One of my favorite recordings from Anthology 2 was "Penny Lane" - it was fascinating to hear the earliest versions of the song, with its unique piccolo trumpet accompaniment, and the single-track vocals. You don't realize what you take for granted in terms of musical production until you hear the not-so-finished tracks, aheh =) This song is absolutely beautiful, in all incarnations. I think Paul McCartney proved his genius with this opus, and it truly was the perfect complement to Lennon's "Strawberry Fields Forever" ♥
Like a lot of Beatles songs, I know this one by heart =) The lyrics are slightly silly, but very warm and inviting - no surprise, considering they are nostalgic memories from Paul's childhood ♥ I didn't notice the contrast of the lyrics to the melody at first blush, but now its quite striking. I think its obvious this came from the Beatles' fruitful-genius period in 66/67, when they were breaking down all the barriers of weirdness and psychedelia. It's been said that this song is LSD-tinged, and I can buy that - "a nurse is selling poppies from a tray / she feels as if she's in a play / she is anyway!" Paranoia much? =)

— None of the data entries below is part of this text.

lemma abs_diff_le_abs_add_powr_diff:
  fixes x y q \<alpha> \<beta> :: real
  assumes "0 < x" "0 < y" "0 \<le> q" "0 \<le> \<alpha>" "0 \<le> \<beta>"
  shows "\<beta> * \<bar>x - y\<bar> \<le> \<bar>\<beta> * (x - y) + \<alpha> * (x powr q - y powr q)\<bar>"
proof (cases "y \<le> x")
  case True
  then have "y powr q \<le> x powr q" using assms by (intro powr_mono2) auto
  then have "0 \<le> \<beta> * (x - y)" "0 \<le> \<alpha> * (x powr q - y powr q)"
    using True assms by simp_all
  then show ?thesis using True by simp
next
  case False
  then have "x powr q \<le> y powr q" using assms by (intro powr_mono2) auto
  then have "\<beta> * (x - y) \<le> 0" "\<alpha> * (x powr q - y powr q) \<le> 0"
    using False assms by (simp_all add: mult_nonneg_nonpos)
  then show ?thesis using False by (simp add: abs_of_nonpos algebra_simps)
qed

lemma asymp_equiv_exp:
  fixes f g :: "'a \<Rightarrow> real"
  assumes "((\<lambda>x. f x - g x) \<longlongrightarrow> 0) F"
  shows "(\<lambda>x. exp (f x)) \<sim>[F] (\<lambda>x. exp (g x))"
proof (rule asymp_equivI')
  have "((\<lambda>x. exp (f x - g x)) \<longlongrightarrow> exp 0) F"
    by (intro tendsto_intros assms)
  then show "((\<lambda>x. exp (f x) / exp (g x)) \<longlongrightarrow> 1) F"
    by (simp add: exp_diff)
qed

lemma asymp_equiv_powr_mult_exp_powr:
  fixes u v :: "'a \<Rightarrow> real"
  assumes "u \<sim>[F] v" "\<forall>\<^sub>F x in F. 0 \<le> u x" "\<forall>\<^sub>F x in F. 0 \<le> v x"
    and "((\<lambda>x. u x powr q - v x powr q) \<longlongrightarrow> 0) F"
  shows "(\<lambda>x. u x powr p * exp (c * u x powr q)) \<sim>[F] (\<lambda>x. v x powr p * exp (c * v x powr q))"
proof (rule asymp_equiv_mult)
  show "(\<lambda>x. u x powr p) \<sim>[F] (\<lambda>x. v x powr p)"
    using assms(1-3) by (rule asymp_equiv_powr_real)
  have "((\<lambda>x. c * (u x powr q - v x powr q)) \<longlongrightarrow> c * 0) F"
    by (intro tendsto_intros assms(4))
  then show "(\<lambda>x. exp (c * u x powr q)) \<sim>[F] (\<lambda>x. exp (c * v x powr q))"
    by (intro asymp_equiv_exp) (simp add: right_diff_distrib)
qed

lemma filterlim_at_top_of_powr_add_linear:
  fixes x :: "'a \<Rightarrow> real"
  assumes "0 \<le> q" "q \<le> 1" "0 \<le> a" "0 < \<beta>" "\<forall>\<^sub>F n in F. 0 \<le> x n"
    and "filterlim (\<lambda>n. a * x n powr q + \<beta> * x n) at_top F"
  shows "filterlim x at_top F"
proof (rule filterlim_at_top_mono)
  have "filterlim (\<lambda>n. - a + (a * x n powr q + \<beta> * x n)) at_top F"
    by (rule filterlim_tendsto_add_at_top[OF tendsto_const assms(6)])
  then show "filterlim (\<lambda>n. 1 / (a + \<beta>) * (- a + (a * x n powr q + \<beta> * x n))) at_top F"
    using assms(3,4) by (intro filterlim_tendsto_pos_mult_at_top[OF tendsto_const]) auto
  show "\<forall>\<^sub>F n in F. 1 / (a + \<beta>) * (- a + (a * x n powr q + \<beta> * x n)) \<le> x n"
    using assms(5)
  proof eventually_elim
    case (elim n)
    have powr_le: "x n powr q \<le> 1 + x n"
    proof (cases "x n \<le> 1")
      case True
      then show ?thesis using elim assms(1) powr_le1[of q "x n"] by simp
    next
      case False
      then show ?thesis using powr_mono[of q 1 "x n"] assms(2) by simp
    qed
    have "a * x n powr q \<le> a + a * x n"
      using mult_left_mono[OF powr_le assms(3)] by (simp add: distrib_left)
    then show ?case using assms(3,4) by (simp add: field_simps)
  qed
qed

lemma asymp_equiv_of_eq_dominant_linear:
  fixes x L g :: "'a \<Rightarrow> real"
  assumes "q < 1" "\<beta> \<noteq> 0" "filterlim x at_top F" "g \<in> o[F](L)"
    and "\<forall>\<^sub>F n in F. c * ln (x n) + a * x n powr q + \<beta> * x n = L n + g n"
  shows "x \<sim>[F] (\<lambda>n. L n / \<beta>)"
proof -
  have "(\<lambda>t. ln t) \<in> o(\<lambda>t::real. t)" "(\<lambda>t. t powr q) \<in> o(\<lambda>t::real. t)"
    using assms(1) by real_asymp+
  then have "(\<lambda>n. ln (x n)) \<in> o[F](x)" "(\<lambda>n. x n powr q) \<in> o[F](x)"
    by (auto intro: landau_o.small.compose[OF _ assms(3)])
  then have rest: "(\<lambda>n. c * ln (x n) + a * x n powr q) \<in> o[F](\<lambda>n. \<beta> * x n)"
    using assms(2) by (auto intro: sum_in_smallo)
  have "(\<lambda>n. L n + g n) \<sim>[F] (\<lambda>n. \<beta> * x n)"
  proof (rule asymp_equiv_transfer)
    show "(\<lambda>n. \<beta> * x n + (c * ln (x n) + a * x n powr q)) \<sim>[F] (\<lambda>n. \<beta> * x n)"
      using rest by (subst asymp_equiv_add_right) auto
    show "\<forall>\<^sub>F n in F. \<beta> * x n + (c * ln (x n) + a * x n powr q) = L n + g n"
      using assms(5) by eventually_elim simp
  qed simp
  moreover have "(\<lambda>n. L n + g n) \<sim>[F] L"
    using assms(4) by (subst asymp_equiv_add_right) auto
  ultimately have "(\<lambda>n. \<beta> * x n) \<sim>[F] L"
    by (meson asymp_equiv_sym asymp_equiv_trans)
  then have "(\<lambda>n. \<beta> * x n / \<beta>) \<sim>[F] (\<lambda>n. L n / \<beta>)"
    by (intro asymp_equiv_divide asymp_equiv_refl)
  then show ?thesis using assms(2) by simp
qed

lemma powr_diff_tendsto_0_of_combination:
  fixes u v :: "'a \<Rightarrow> real"
  assumes "0 \<le> q" "q \<le> 1" "0 \<le> \<alpha>" "0 < \<beta>"
    and "\<forall>\<^sub>F n in F. 0 < u n" "\<forall>\<^sub>F n in F. 0 < v n"
    and "((\<lambda>n. v n powr (q - 1) * (\<beta> * (u n - v n) + \<alpha> * (u n powr q - v n powr q)))
           \<longlongrightarrow> 0) F"
  shows "((\<lambda>n. u n powr q - v n powr q) \<longlongrightarrow> 0) F"
proof (rule tendsto_0_le[OF assms(7), where K = "1 / \<beta>"])
  show "\<forall>\<^sub>F n in F. norm (u n powr q - v n powr q)
      \<le> norm (v n powr (q - 1) * (\<beta> * (u n - v n) + \<alpha> * (u n powr q - v n powr q))) * (1 / \<beta>)"
    using assms(5,6)
  proof eventually_elim
    case (elim n)
    let ?R = "\<beta> * (u n - v n) + \<alpha> * (u n powr q - v n powr q)"
    have "\<bar>u n powr q - v n powr q\<bar> \<le> v n powr (q - 1) * \<bar>u n - v n\<bar>"
      using elim assms(1,2) by (rule abs_powr_diff_le)
    also have "\<dots> \<le> v n powr (q - 1) * (\<bar>?R\<bar> / \<beta>)"
      using abs_diff_le_abs_add_powr_diff[of "u n" "v n" q \<alpha> \<beta>] elim assms(1,3,4)
      by (intro mult_left_mono) (simp_all add: field_simps)
    finally show ?case by (simp add: abs_mult)
  qed
qed

lemma tendsto_ln_diff_0_of_asymp_equiv:
  fixes f g :: "'a \<Rightarrow> real"
  assumes "f \<sim>[F] g" "\<forall>\<^sub>F x in F. 0 < f x" "\<forall>\<^sub>F x in F. 0 < g x"
  shows "((\<lambda>x. ln (f x) - ln (g x)) \<longlongrightarrow> 0) F"
proof -
  have "((\<lambda>x. f x / g x) \<longlongrightarrow> 1) F"
    using assms(3) by (intro asymp_equivD_strong[OF assms(1)]) (auto elim: eventually_mono)
  then have "((\<lambda>x. ln (f x / g x)) \<longlongrightarrow> ln 1) F"
    by (intro tendsto_intros) auto
  moreover have "\<forall>\<^sub>F x in F. ln (f x / g x) = ln (f x) - ln (g x)"
    using assms(2,3) by eventually_elim (simp add: ln_div)
  ultimately show ?thesis by (simp add: tendsto_cong)
qed

lemma eventually_ln_add_linear_le:
  fixes u v :: "'a \<Rightarrow> real"
  assumes "0 < \<beta>" "u \<sim>[F] v" "\<forall>\<^sub>F n in F. 0 < u n" "\<forall>\<^sub>F n in F. 0 < v n"
    and "filterlim (\<lambda>n. u n - v n) at_top F"
  shows "\<forall>\<^sub>F n in F. c * ln (v n) + \<beta> * v n \<le> c * ln (u n) + \<beta> * u n"
proof -
  have "((\<lambda>n. c * (ln (u n) - ln (v n))) \<longlongrightarrow> c * 0) F"
    by (intro tendsto_intros tendsto_ln_diff_0_of_asymp_equiv assms(2-4))
  then have "\<forall>\<^sub>F n in F. - \<beta> < c * (ln (u n) - ln (v n))"
    using assms(1) by (intro order_tendstoD(1)) auto
  moreover have "\<forall>\<^sub>F n in F. 1 \<le> u n - v n"
    using assms(5) by (simp add: filterlim_at_top)
  ultimately show ?thesis
    using assms(3,4)
  proof eventually_elim
    case (elim n)
    then have "\<beta> \<le> \<beta> * (u n - v n)" using assms(1) by simp
    then show ?case using elim by (simp add: algebra_simps)
  qed
qed

lemma neg_powr_identities:
  fixes x s r a :: real
  assumes "0 < x" "s \<noteq> 0"
  shows "(x powr - s) powr - (a / s) = x powr a" "(x powr - s) powr (r / s) = 1 / x powr r"
    and "ln (x powr - s) = - s * ln x"
  using assms by (simp_all only: powr_powr ln_powr) (simp_all add: powr_minus_divide)

locale bandwidth_asymptotics =
  fixes r s \<alpha> \<beta> b C :: real and hs h e :: "nat \<Rightarrow> real"
  assumes rs: "0 < r" "r < s"
    and \<alpha>\<beta>: "0 < \<alpha>" "0 < \<beta>"
    and hs_eq: "\<forall>n\<ge>3. 0 < hs n \<and>
      2 * \<alpha> / hs n powr r + 2 * \<beta> / hs n powr s = ln (real n) - (ln (ln (real n)))\<^sup>2"
    and h_pos: "\<forall>n. 0 < h n"
    and h_lim: "h \<longlonglongrightarrow> 0"
    and e_lim: "e \<longlonglongrightarrow> 0"
    and h_eq: "\<forall>\<^sub>F n in sequentially.
      b * ln (h n) + 2 * \<alpha> / h n powr r + 2 * \<beta> / h n powr s = ln (real n) + C * (1 + e n)"
begin

definition u :: "nat \<Rightarrow> real" where "u n = h n powr - s"

definition v :: "nat \<Rightarrow> real" where "v n = hs n powr - s"

lemma s_pos: "0 < s"
  using rs by simp

lemma exponent_bounds: "0 < r / s" "r / s < 1"
  using rs by simp_all

lemma hs_pos: "\<forall>\<^sub>F n in sequentially. 0 < hs n"
  using eventually_ge_at_top[of 3] by eventually_elim (use hs_eq in auto)

lemma u_pos: "0 < u n"
  using h_pos[rule_format, of n] by (simp add: u_def)
lemma two_lap_circle_point_bounds:
  assumes "w \<in> sphere (-4/25) (3/10)"
  shows "\<bar>Re w + 4/25\<bar> \<le> 3/10" "\<bar>Im w\<bar> \<le> 3/10"
    and "\<bar>Im w\<bar> < 3/25 \<Longrightarrow> Re w < -43/100 \<or> 11/100 < Re w"
proof -
  have radius: "cmod (w + 4/25) = 3/10"
    using assms by (simp add: dist_norm norm_minus_commute)
  have circle: "(Re w + 4/25)^2 + (Im w)^2 = (3/10)^2"
    unfolding radius[symmetric] cmod_power2 by simp
  then have "(Re w + 4/25)^2 \<le> (3/10)^2" "(Im w)^2 \<le> (3/10)^2"
    using zero_le_power2[of "Im w"] zero_le_power2[of "Re w + 4/25"] by linarith+
  then show "\<bar>Re w + 4/25\<bar> \<le> 3/10" "\<bar>Im w\<bar> \<le> 3/10"
    using power2_le_iff_abs_le[of "3/10::real"] by auto
  assume "\<bar>Im w\<bar> < 3/25"
  then have "(Im w)^2 < (3/25)^2"
    by (metis abs_ge_zero power2_abs power_strict_mono zero_less_numeral)
  then have "(27/100)^2 < (Re w + 4/25)^2"
    using circle unfolding power2_eq_square by linarith
  then have "\<not> \<bar>Re w + 4/25\<bar> \<le> 27/100"
    using power2_le_iff_abs_le[of "27/100::real" "Re w + 4/25"] by auto
  then show "Re w < -43/100 \<or> 11/100 < Re w"
    by linarith
qed

lemma two_lap_circle_in_ball:
  assumes "w \<in> sphere (-4/25) (3/10)"
  shows "cmod w < 1"
  using two_lap_circle_point_bounds[OF assms] by (intro cmod_less_1_if_abs_le_half) linarith+

lemma two_lap_circle_avoids_lap_rect:
  assumes "w \<in> sphere (-4/25) (3/10)" "k \<in> {1, 2, 3}"
  shows "w \<notin> lap_rect k"
proof
  assume "w \<in> lap_rect k"
  then have "\<bar>Re w - (real k - 2) / 3\<bar> \<le> 1/12" "\<bar>Im w\<bar> \<le> 1/20"
    by (simp_all add: lap_rect_def mem_rect)
  then show False
    using two_lap_circle_point_bounds[OF assms(1)] assms(2) by (auto simp: abs_le_iff)
qed

lemma fold_two_lap_circle_segment:
  assumes "w \<in> sphere (-4/25) (3/10)"
  shows "closed_segment (fold_plane w) (-1) \<subseteq> cball 0 1 - target_rect"
proof (rule closed_segment_minus_one_avoids_target_rect)
  note w = two_lap_circle_point_bounds[OF assms]
  have fold_w: "fold_plane w = Complex (zigzag (Re w)) (Im w)"
    using w(2) by (rule fold_plane_on_strip)
  show "cmod (fold_plane w) \<le> 1"
    using two_lap_circle_in_ball[OF assms] by (simp add: cmod_fold_plane_le_1)
  have "\<bar>Re w\<bar> \<le> 1/2"
    using w(1) by linarith
  then show "Re (fold_plane w) \<le> 1/2"
    using abs_zigzag_le[of "Re w"] by (simp add: fold_w)
  show "Re (fold_plane w) < -1/4 \<or> 3/25 \<le> \<bar>Im (fold_plane w)\<bar>"
  proof (cases "\<bar>Im w\<bar> < 3/25")
    case True
    then consider "Re w < -43/100" | "11/100 < Re w"
      using w(3) by blast
    then show ?thesis
    proof cases
      case 1
      then show ?thesis
        using w(1) zigzag_on_third[of 1 "Re w"] by (simp add: fold_w)
    next
      case 2
      then show ?thesis
        using w(1) zigzag_on_third[of 2 "Re w"] by (simp add: fold_w)
    qed
  qed simp
qed
lemma smon_mult_assoc: "smon_mult x (smon_mult x P Q) S = smon_mult x P (smon_mult x Q S)"
proof -
  have "fst P * fst Q * twist x (snd P) (snd Q) * fst S * twist x (nmon_mult (snd P) (snd Q)) (snd S)
      = fst P * (fst Q * fst S * twist x (snd Q) (snd S)) * twist x (snd P) (nmon_mult (snd Q) (snd S))"
    using twist_assoc[of x "snd P" "snd Q" "snd S"] by (simp add: algebra_simps)
  then show ?thesis by (simp add: smon_mult_def nmon_mult_assoc)
qed

lemma word_smon_append: "word_smon x (u @ v) = smon_mult x (word_smon x u) (word_smon x v)"
  by (induction u) (simp_all add: smon_mult_one_left smon_mult_assoc)

lemma word_smon_x_index: "snd (word_smon x w) = (a, k, i, b) \<Longrightarrow> i \<le> 3"
proof (induction w arbitrary: a k i b)
  case (Cons g w)
  then show ?case
    by (cases "snd (word_smon x w)", cases g) (auto simp: smon_mult_def)
qed simp

lemma nmon_deg_mult: "twist x M N \<noteq> 0 \<Longrightarrow> nmon_deg (nmon_mult M N) = nmon_deg M + nmon_deg N"
  by (cases M; cases N) (auto split: if_splits)

lemma word_smon_deg: "fst (word_smon x w) \<noteq> 0 \<Longrightarrow> nmon_deg (snd (word_smon x w)) = length w"
proof (induction w)
  case (Cons g w)
  then have "fst (word_smon x w) \<noteq> 0" "twist x (gen_nmon g) (snd (word_smon x w)) \<noteq> 0"
    by (auto simp: smon_mult_def)
  with Cons show ?case by (cases g) (simp_all add: smon_mult_def nmon_deg_mult)
qed simp

lemma gen_nmon_xvar: "j \<in> {1,2,3} \<Longrightarrow> gen_nmon (xvar j) = (False, 0, j, False)"
  by (auto simp: xvar_def)

lemma ideal_ex_gen_a:
  assumes a
  shows "fa_word (g # nmon_word (a, k, i, b)) \<in> ideal_ex x (Suc (nmon_deg (a, k, i, b)))"
proof -
  define rest where "rest = replicate k GC @ (if i = 0 then [] else [xvar i]) @ (if b then [GB] else [])"
  have "fa_word ([] @ [g, GA] @ rest) \<in> ideal_ex x (length ([] :: gen list) + 2 + length rest)"
    by (rule ideal_ex_word[OF rels_ex_y_a]) simp
  moreover have "nmon_word (a, k, i, b) = GA # rest" "nmon_deg (a, k, i, b) = Suc (length rest)"
    using assms by (simp_all add: rest_def nmon_word.simps)
  ultimately show ?thesis by simp
qed

lemma reduce_x_nmon:
  assumes j: "j \<in> {1,2,3}" and i: "i \<le> 3"
  shows "fa_word (xvar j # nmon_word (a, k, i, b)) - fa_of_smon (smon_mult x (1, gen_nmon (xvar j)) (1, (a, k, i, b)))
     \<in> ideal_ex x (Suc (nmon_deg (a, k, i, b)))"
proof -
  define bs where "bs = (if b then [GB] else [])"
  have j0: "j \<noteq> 0" using j by auto
  note smon_simps = smon_mult_def fa_of_smon_def gen_nmon_xvar[OF j] j0 nmon_word.simps
  consider "a" | "\<not> a" "i = 0" | "\<not> a" "i \<noteq> 0" by blast
  then show ?thesis
  proof cases
    case 1
    then show ?thesis using ideal_ex_gen_a[of a "xvar j" k i b x] by (simp add: smon_simps)
  next
    case 2
    have "fa_word ([] @ xvar j # replicate k GC @ bs) - fa_scale (eigen_ex x j ^ k) (fa_word ([] @ replicate k GC @ xvar j # bs))
       \<in> ideal_ex x (length ([]::gen list) + k + 1 + length bs)"
      by (rule ideal_ex_push_x_past_c[OF j])
    with 2 show ?thesis by (cases b) (simp_all add: smon_simps bs_def)
  next
    case 3
    then have i3: "i \<in> {1,2,3}" using i by auto
    have pushed: "fa_word (xvar j # replicate k GC @ xvar i # bs)
        - fa_scale (eigen_ex x j ^ k) (fa_word (replicate k GC @ xvar j # xvar i # bs))
       \<in> ideal_ex x (Suc (nmon_deg (a, k, i, b)))"
      using ideal_ex_push_x_past_c[OF j, of "[]" k "xvar i # bs" x] 3 by (cases b) (simp_all add: bs_def)
    have "fa_word (replicate k GC @ [xvar j, xvar i] @ bs) \<in> ideal_ex x (Suc (nmon_deg (a, k, i, b)))"
      using ideal_ex_word[OF rels_ex_x_x[OF j i3], of "replicate k GC" bs] 3 by (cases b) (simp_all add: bs_def)
    from ideal_deg_add[OF pushed ideal_deg_scale[OF this, of "eigen_ex x j ^ k"]]
    have "fa_word (xvar j # replicate k GC @ xvar i # bs) \<in> ideal_ex x (Suc (nmon_deg (a, k, i, b)))"
      by (simp only: append.simps diff_add_cancel)
    with 3 show ?thesis by (simp add: smon_simps bs_def)
  qed
qed

lemma reduce_gen_nmon:
  assumes i: "i \<le> 3"
  shows "fa_word (g # nmon_word (a, k, i, b)) - fa_of_smon (smon_mult x (1, gen_nmon g) (1, (a, k, i, b)))
     \<in> ideal_ex x (Suc (nmon_deg (a, k, i, b)))"
proof -
  note a_kills = ideal_ex_gen_a[where g=g and k=k and i=i and b=b]
  show ?thesis
  proof (cases g)
    case X1 then show ?thesis using reduce_x_nmon[of 1 i a k b x] i by (simp add: xvar_def)
  next
    case X2 then show ?thesis using reduce_x_nmon[of 2 i a k b x] i by (simp add: xvar_def)
  next
    case X3 then show ?thesis using reduce_x_nmon[of 3 i a k b x] i by (simp add: xvar_def)
  next
    case GA then show ?thesis using a_kills[of a] by (cases a) (auto simp: smon_mult_def fa_of_smon_def ideal_deg_zero nmon_word.simps)
  next
    case GC then show ?thesis using a_kills[of a] by (cases a) (auto simp: smon_mult_def fa_of_smon_def ideal_deg_zero nmon_word.simps)
  next
    case GB
    show ?thesis
    proof (cases "(a, k, i, b) = nmon_one")
      case False
      then obtain y rest where yr: "nmon_word (a, k, i, b) = y # rest"
        by (cases "nmon_word (a, k, i, b)") (auto simp: nmon_word.simps split: if_splits)
      have "fa_word ([] @ [GB, y] @ rest) \<in> ideal_ex x (Suc (nmon_deg (a, k, i, b)))"
        using ideal_ex_word[OF rels_ex_b_y, of y "[]" rest x] yr by (simp flip: length_nmon_word)
      with yr False GB show ?thesis by (simp add: smon_mult_def fa_of_smon_def)
    qed (simp add: GB smon_mult_def fa_of_smon_def ideal_deg_zero nmon_word.simps)
  qed
qed

lemma reduce_word: "fa_word w - fa_of_smon (word_smon x w) \<in> ideal_ex x (length w)"
proof (induction w)
  case Nil
  then show ?case by (simp add: fa_of_smon_def ideal_deg_zero nmon_word.simps)
next
  case (Cons g w)
  obtain l a k i b where w: "word_smon x w = (l, (a, k, i, b))" by (cases "word_smon x w") auto
  let ?P = "smon_mult x (1, gen_nmon g) (1, (a, k, i, b))"
  have gw: "word_smon x (g # w) = (l * fst ?P, snd ?P)"
    by (simp add: w smon_mult_def)
  have "fa_mult (fa_word [g]) (fa_word w - fa_scale l (fa_word (nmon_word (a, k, i, b)))) \<in> ideal_ex x (Suc (length w))"
    using ideal_deg_mult_gen_left[OF Cons.IH] by (simp add: w fa_of_smon_def fun_diff_def)
  then have left: "fa_word (g # w) - fa_scale l (fa_word (g # nmon_word (a, k, i, b))) \<in> ideal_ex x (Suc (length w))"
    by (simp add: fa_mult_simps)
  show ?case
  proof (cases "l = 0")
    case True
    then show ?thesis using left unfolding gw by (simp add: fa_of_smon_def)
  next
    case False
    have "i \<le> 3" using word_smon_x_index[of x w] w by simp
    moreover have "nmon_deg (a, k, i, b) = length w" using word_smon_deg[of x w] w False by simp
    ultimately have "fa_word (g # nmon_word (a, k, i, b)) - fa_of_smon ?P \<in> ideal_ex x (Suc (length w))"
      using reduce_gen_nmon by metis
    from ideal_deg_scale[OF this, of l]
    have "fa_scale l (fa_word (g # nmon_word (a, k, i, b))) - fa_of_smon (word_smon x (g # w)) \<in> ideal_ex x (Suc (length w))"
      unfolding gw fa_of_smon_def by (simp add: fa_scale_diff fa_scale_scale)
    from ideal_deg_diff_trans[OF left this] show ?thesis by (simp only: length_Cons)
  qed
qed

lemma ideal_ex_x_b_sums:
  "fa_word (u @ [X1, GB]) + fa_word (u @ [X2, GB]) \<in> ideal_ex x (length u + 2)"
  "fa_word (u @ [X1, GB]) + fa_word (u @ [X3, GB]) \<in> ideal_ex x (length u + 2)"
  using ideal_ex_relation[OF rels_ex_R_b[of 1 0], where u=u and v="[]"]
    ideal_ex_relation[OF rels_ex_R_b[of 0 1], where u=u and v="[]"]
  by (simp_all add: fa_mult_simps)

lemma ideal_ex_a_x_c:
  "fa_scale ((x + 1) ^ k) (fa_word (GA # replicate k GC @ X1 # t))
     + fa_scale (x ^ k) (fa_word (GA # replicate k GC @ X2 # t))
     + fa_word (GA # replicate k GC @ X3 # t) \<in> ideal_ex x (k + 2 + length t)"
proof -
  define A where "A j = (fa_word (GA # xvar j # replicate k GC @ t) :: 'a fa)" for j
  define W where "W j = (fa_word (GA # replicate k GC @ xvar j # t) :: 'a fa)" for j
  have sum: "A 1 + A 2 + A 3 \<in> ideal_ex x (k + 2 + length t)"
    using ideal_ex_relation[OF rels_ex_a_L[of 1], where u="[]" and v="replicate k GC @ t"]
    by (simp add: fa_mult_simps A_def xvar_def algebra_simps)
  have push: "A j - fa_scale (eigen_ex x j ^ k) (W j) \<in> ideal_ex x (k + 2 + length t)" if "j \<in> {1,2,3}" for j
    using ideal_ex_push_x_past_c[OF that, of "[GA]" k t x] by (simp add: A_def W_def algebra_simps)
  have "(A 1 + A 2 + A 3) - (A 1 - fa_scale (eigen_ex x 1 ^ k) (W 1))
      - (A 2 - fa_scale (eigen_ex x 2 ^ k) (W 2)) - (A 3 - fa_scale (eigen_ex x 3 ^ k) (W 3))
      \<in> ideal_ex x (k + 2 + length t)"
    by (intro ideal_deg_diff sum push) auto
  then show ?thesis by (simp add: W_def eigen_ex_def xvar_def add.assoc)
qed

text \<open>Besides ten words that always survive, \<open>a c\<^sup>n x\<^sub>1 b\<close> survives only if
  \<open>(x + 1)\<^sup>n = x\<^sup>n + 1\<close>: the relation \<open>a(x\<^sub>1 + x\<^sub>2 + x\<^sub>3) c\<^sup>n b\<close> with the \<open>x\<close>'s moved past
  \<open>c\<^sup>n\<close>, together with \<open>x\<^sub>2 b \<equiv> x\<^sub>3 b \<equiv> -x\<^sub>1 b\<close>, gives \<open>((x + 1)\<^sup>n - x\<^sup>n - 1) a c\<^sup>n x\<^sub>1 b \<equiv> 0\<close>.\<close>

definition basis_nmons :: "'a::field \<Rightarrow> nat \<Rightarrow> nmon set" where
  "basis_nmons x n =
     {(False, n + 3, 0, False), (False, n + 2, 1, False), (False, n + 2, 2, False), (False, n + 2, 3, False),
      (True, n + 2, 0, False), (True, n + 1, 1, False), (True, n + 1, 2, False),
      (False, n + 2, 0, True), (False, n + 1, 1, True), (True, n + 1, 0, True)}
     \<union> (if power_additive x n then {(True, n, 1, True)} else {})"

This song feels like coming home, to me - its a little bit of my Happy Place, where I can just go to be me, weirdness and all. Listening to this song makes me wish I had come of age in the late 60s, just to experience what it must've been like when the Beatles ruled the world. There was rarely a miss, and though I resented it in '95, I'm quite happy now that there is such immense love for the Beatles, their catalog, and their enduring influence on music.